Distal flap necrosis induced by excessive tissue tension. a) Giant congenital pigmented nevus on the right lower leg of a two-year old boy. b) Tissue expanders inserted on the lateral and medial sides of the upper thigh, filled to capacity. c) Lateral leg two days after resurfacing with rotation-advancement flap from expanded lateral thigh tissue. d) Medial leg two days after resurfacing with direct-advancement flap from expanded medial thigh tissue demonstrating distal flap necrosis. e) Necrotic tissue of distal flap debrided to promote healing by secondary intention. f) Medial leg two months after flap advancement, with healing of distal aspect of flap by secondary intention.

A major cause for recurring flap failure arises from the difficulty to determine tissue stress in vivo, a problem that spans all surgical disciplines [62]. Even if mechanical cues are recognized as critical factors, measuring the stress profile in the clinical setting is virtually impossible. Computational models offer an excellent alternative to predict tissue stresses, provided the underlying constitutive models are appropriately calibrated [10, 39]. The past two decades have seen remarkable advances in computational modeling as a useful tool in surgery planning and treatment optimization [61, 64]. For skin, computational modeling has only recently received increased attention [31, 47].

Skin is a remarkable tissue and the largest organ of our body. In the adult, it covers an area of approximately 2m² and weights about 3.5kg. The main functions of skin are to protect our interior body from the outside world, to regulate temperature and water exchange, and insulate our internal machinery from harmful substances and solar radiation [49]. Additionally, skin is densely packed with neural receptors that make it our largest sensor, the one responsible for our tactile sense [12]. Although it is a very thin membrane, only 8 to 14mm thick, skin consists of three distinct layers [66]. The outermost layer, the epidermis, consists of several sublayers of cells stacked on top of one another. Cells in the inner epidermis undergo constant mitosis to continuously regenerate the epidermis; cells in the outer epidermis are dead [54]. The inner epidermis is connected to the dermis, the main load bearing layer of skin [55]. It consists of a water-based matrix that serves as a scaffold for its collagen and elastin fiber network.
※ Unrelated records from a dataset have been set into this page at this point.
(* For every $n\ge1$ and every optimal $n$-town $S$, $\max\{w(S),h(S)\}\le 2\sqrt{n}+5$.
   Context: An $n$-town is a set $S\subset\mathbb{Z}\times\mathbb{Z}$ of exactly $n$ distinct grid points; its cost is $c(S)=\frac12\sum_{s\in S}\sum_{t\in S}\|s-t\|_1$ (Manhattan distance), and it is optimal if its cost is minimum among all $n$-towns. For $i\in\mathbb{Z}$, the $i$-th column of $S$ is $C_i=\{(i,y)\in S\}$ and the $i$-th row is $R_i=\{(x,i)\in S\}$. The width of $S$ is $w(S)=\max_{i}|R_i|$ and the height is $h(S)=\max_{i}|C_i|$. *)

theory Defs
  imports Complex_Main
begin

type_synonym point = "int \<times> int"

definition manhattan :: "point \<Rightarrow> point \<Rightarrow> int" where
  "manhattan s t = \<bar>fst s - fst t\<bar> + \<bar>snd s - snd t\<bar>"

definition is_town :: "nat \<Rightarrow> point set \<Rightarrow> bool" where
  "is_town n S \<longleftrightarrow> finite S \<and> card S = n"

definition town_cost :: "point set \<Rightarrow> real" where
  "town_cost S = (1/2) * real_of_int (\<Sum>s\<in>S. \<Sum>t\<in>S. manhattan s t)"

definition optimal_town :: "nat \<Rightarrow> point set \<Rightarrow> bool" where
  "optimal_town n S \<longleftrightarrow> is_town n S \<and> (\<forall>T. is_town n T \<longrightarrow> town_cost S \<le> town_cost T)"

definition col :: "point set \<Rightarrow> int \<Rightarrow> point set" where
  "col S i = {p \<in> S. fst p = i}"

definition row :: "point set \<Rightarrow> int \<Rightarrow> point set" where
  "row S i = {p \<in> S. snd p = i}"

definition width :: "point set \<Rightarrow> nat" where
  "width S = Max (range (\<lambda>i. card (row S i)))"

definition height :: "point set \<Rightarrow> nat" where
  "height S = Max (range (\<lambda>i. card (col S i)))"

end

theory Submission
  imports Defs
begin

(* Write g = xdist S and h = ydist S. Replacing a point p of an optimal town S by a point q
   outside S cannot lower the cost, so f p + |p - q| \<le> f q, where f q = g (fst q) + h (snd q)
   is the total distance from q to S. Let x0 and y0 minimise g and h. This exchange inequality
   shows that every column of S meets the row y0 and that every row of S is made of segments
   reaching towards x0; so row y0 is the full interval [xmin, xmax] of x-coordinates and the
   width is at most W = xmax - xmin + 1.
   The concave function depth x = g xmin + g xmax - 2 g x is at least W - n at both ends and
   about n W / 2 at x0, while the exchange inequality puts (x, y0 + k) into S as soon as
   depth x > 2 (h (y0 + k) - h y0). As h has second differences at most 2 W k^2, counting these
   points for |k| \<le> K with 2 K + 1 close to sqrt n against |S| = n gives a polynomial
   inequality in W and sqrt n which fails once W > 2 sqrt n + 5. The height of S is the width
   of its transpose. *)

definition xdist :: "point set \<Rightarrow> int \<Rightarrow> int" where
  "xdist S x = (\<Sum>t\<in>S. \<bar>x - fst t\<bar>)"

definition ydist :: "point set \<Rightarrow> int \<Rightarrow> int" where
  "ydist S y = (\<Sum>t\<in>S. \<bar>y - snd t\<bar>)"

lemma sum_manhattan_eq_xdist_ydist:
  "(\<Sum>t\<in>S. manhattan q t) = xdist S (fst q) + ydist S (snd q)"
  unfolding manhattan_def xdist_def ydist_def by (simp add: sum.distrib)

lemma xdist_nonneg: "0 \<le> xdist S x"
  unfolding xdist_def by (intro sum_nonneg) auto

lemma ydist_nonneg: "0 \<le> ydist S y"
  unfolding ydist_def by (intro sum_nonneg) auto

lemma nonneg_int_fun_has_min:
  fixes f :: "'a \<Rightarrow> int"
  assumes "\<And>x. 0 \<le> f x"
  obtains x0 where "\<And>x. f x0 \<le> f x"
proof -
  obtain x0 where "\<forall>x. nat (f x0) \<le> nat (f x)"
    using ex_has_least_nat[of "\<lambda>_. True" undefined "\<lambda>x. nat (f x)"] by auto
  with assms show thesis using that by (metis nat_le_eq_zle)
qed

lemma manhattan_sym: "manhattan s t = manhattan t s"
  unfolding manhattan_def by (simp add: abs_minus_commute)

lemma manhattan_self [simp]: "manhattan s s = 0"
  unfolding manhattan_def by simp

lemma sum_manhattan_insert:
  assumes "finite A" "p \<notin> A"
  shows "(\<Sum>s\<in>insert p A. \<Sum>t\<in>insert p A. manhattan s t)
       = 2 * (\<Sum>t\<in>A. manhattan p t) + (\<Sum>s\<in>A. \<Sum>t\<in>A. manhattan s t)"
proof -
  have "(\<Sum>s\<in>insert p A. \<Sum>t\<in>insert p A. manhattan s t)
      = (\<Sum>t\<in>A. manhattan p t) + (\<Sum>s\<in>A. manhattan s p + (\<Sum>t\<in>A. manhattan s t))"
    using assms by (simp add: sum.insert)
  then show ?thesis
    by (simp add: sum.distrib manhattan_sym)
qed

lemma optimal_town_exchange:
  assumes opt: "optimal_town n S" and "p \<in> S" "q \<notin> S"
  shows "(\<Sum>t\<in>S. manhattan p t) + manhattan p q \<le> (\<Sum>t\<in>S. manhattan q t)"
proof -
  define A where "A = S - {p}"
  have fin: "finite S" and card: "card S = n"
    using opt unfolding optimal_town_def is_town_def by auto
  have finA: "finite A" and "p \<notin> A" "q \<notin> A" and S_eq: "S = insert p A"
    using fin \<open>p \<in> S\<close> \<open>q \<notin> S\<close> unfolding A_def by auto
  have "card (insert q A) = n"
    using card finA \<open>p \<notin> A\<close> \<open>q \<notin> A\<close> unfolding S_eq by simp
  then have "town_cost S \<le> town_cost (insert q A)"
    using opt finA unfolding optimal_town_def is_town_def by auto
  then have "(\<Sum>s\<in>S. \<Sum>t\<in>S. manhattan s t) \<le> (\<Sum>s\<in>insert q A. \<Sum>t\<in>insert q A. manhattan s t)"
    unfolding town_cost_def by (simp del: of_int_sum)
  then have "(\<Sum>t\<in>A. manhattan p t) \<le> (\<Sum>t\<in>A. manhattan q t)"
    unfolding S_eq sum_manhattan_insert[OF finA \<open>p \<notin> A\<close>]
      sum_manhattan_insert[OF finA \<open>q \<notin> A\<close>] by simp
  then show ?thesis
    unfolding S_eq using finA \<open>p \<notin> A\<close> by (simp add: manhattan_sym)
qed

lemma abs_chord_le:
  fixes u v w c :: int
  assumes "u \<le> v" "v \<le> w"
  shows "(w - u) * \<bar>v - c\<bar> \<le> (w - v) * \<bar>u - c\<bar> + (v - u) * \<bar>w - c\<bar>"
proof (cases "c \<le> v")
  case True
  have "(w - u) * \<bar>v - c\<bar> = (w - v) * (u - c) + (v - u) * (w - c)"
    using True by (simp add: algebra_simps)
  also have "\<dots> \<le> (w - v) * \<bar>u - c\<bar> + (v - u) * \<bar>w - c\<bar>"
    using assms by (intro add_mono mult_left_mono) auto
  finally show ?thesis .
next
  case False
  have "(w - u) * \<bar>v - c\<bar> = (w - v) * (c - u) + (v - u) * (c - w)"
    using False by (simp add: algebra_simps)
  also have "\<dots> \<le> (w - v) * \<bar>u - c\<bar> + (v - u) * \<bar>w - c\<bar>"
    using assms by (intro add_mono mult_left_mono) auto
  finally show ?thesis .
qed

lemma xdist_chord_le:
  assumes "u \<le> v" "v \<le> w"
  shows "(w - u) * xdist S v \<le> (w - v) * xdist S u + (v - u) * xdist S w"
proof -
  have "(w - u) * xdist S v = (\<Sum>t\<in>S. (w - u) * \<bar>v - fst t\<bar>)"
    by (simp add: xdist_def sum_distrib_left)
  also have "\<dots> \<le> (\<Sum>t\<in>S. (w - v) * \<bar>u - fst t\<bar> + (v - u) * \<bar>w - fst t\<bar>)"
    by (intro sum_mono abs_chord_le assms)
  also have "\<dots> = (w - v) * xdist S u + (v - u) * xdist S w"
    by (simp add: xdist_def sum_distrib_left sum.distrib)
  finally show ?thesis .
qed

lemma sum_card_filter_swap:
  assumes "finite A"
  shows "(\<Sum>t\<in>A. card {s\<in>A. R s t}) = (\<Sum>s\<in>A. card {t\<in>A. R s t})"
proof -
  have "(\<Sum>t\<in>A. card {s\<in>A. R s t}) = (\<Sum>t\<in>A. \<Sum>s\<in>A. of_bool (R s t))"
    using assms by (simp add: Int_def conj_commute)
  also have "\<dots> = (\<Sum>s\<in>A. \<Sum>t\<in>A. of_bool (R s t))"
    by (rule sum.swap)
  also have "\<dots> = (\<Sum>s\<in>A. card {t\<in>A. R s t})"
    using assms by (simp add: Int_def conj_commute)
  finally show ?thesis .
qed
The hypodermis, which lies underneath the dermis, consists primarily of fat. Its function is to anchor the skin to the underlying bone and muscle tissue.

From a mechanical point of view, skin is a unique material [37]. Like in many other collagenous tissues, the collagenous network of the dermis is the key contributor to its mechanical function [33]. Skin is highly anisotropic. Its collagen bundles form an interwoven network aligned with a preferred microstructural direction [34]. This was first summarized more than a century ago in a comprehensive map of collagen orientations across the human body [32]. Collagen fibers undulation creates a characteristic non-linear response with locking stretches above which skin stiffens significantly [4, 30]. It is not surprising that determining a suitable material model for skin and accurately identifying its parameters is not a trivial task [18].

One of the pioneering constitutive models for skin used biaxial tests of rabbit skin and fitted the data to an exponential strain energy function [57]. A following, more advanced model introduced a microstructurally motivated strain energy function with separate contributions for matrix and fibers [35]. This model was recently calibrated using pig skin experiments [26]. Latterly, an invariant formulation, initially designed to model the arterial wall, was adopted to model skin [23, 44]. Several groups have tested skin in uniaxial tension [57], biaxial stretch [33], oscillatory shear [31], indentation [46], or general three-dimensional loading scenarios [16] to determine its material parameters. However, the underlying constitutive models vary from one group to another: Some assume isotropy as a pragmatic simplification [2, 14, 22], others claim that an accurate model should incorporate the anisotropic response [15, 56].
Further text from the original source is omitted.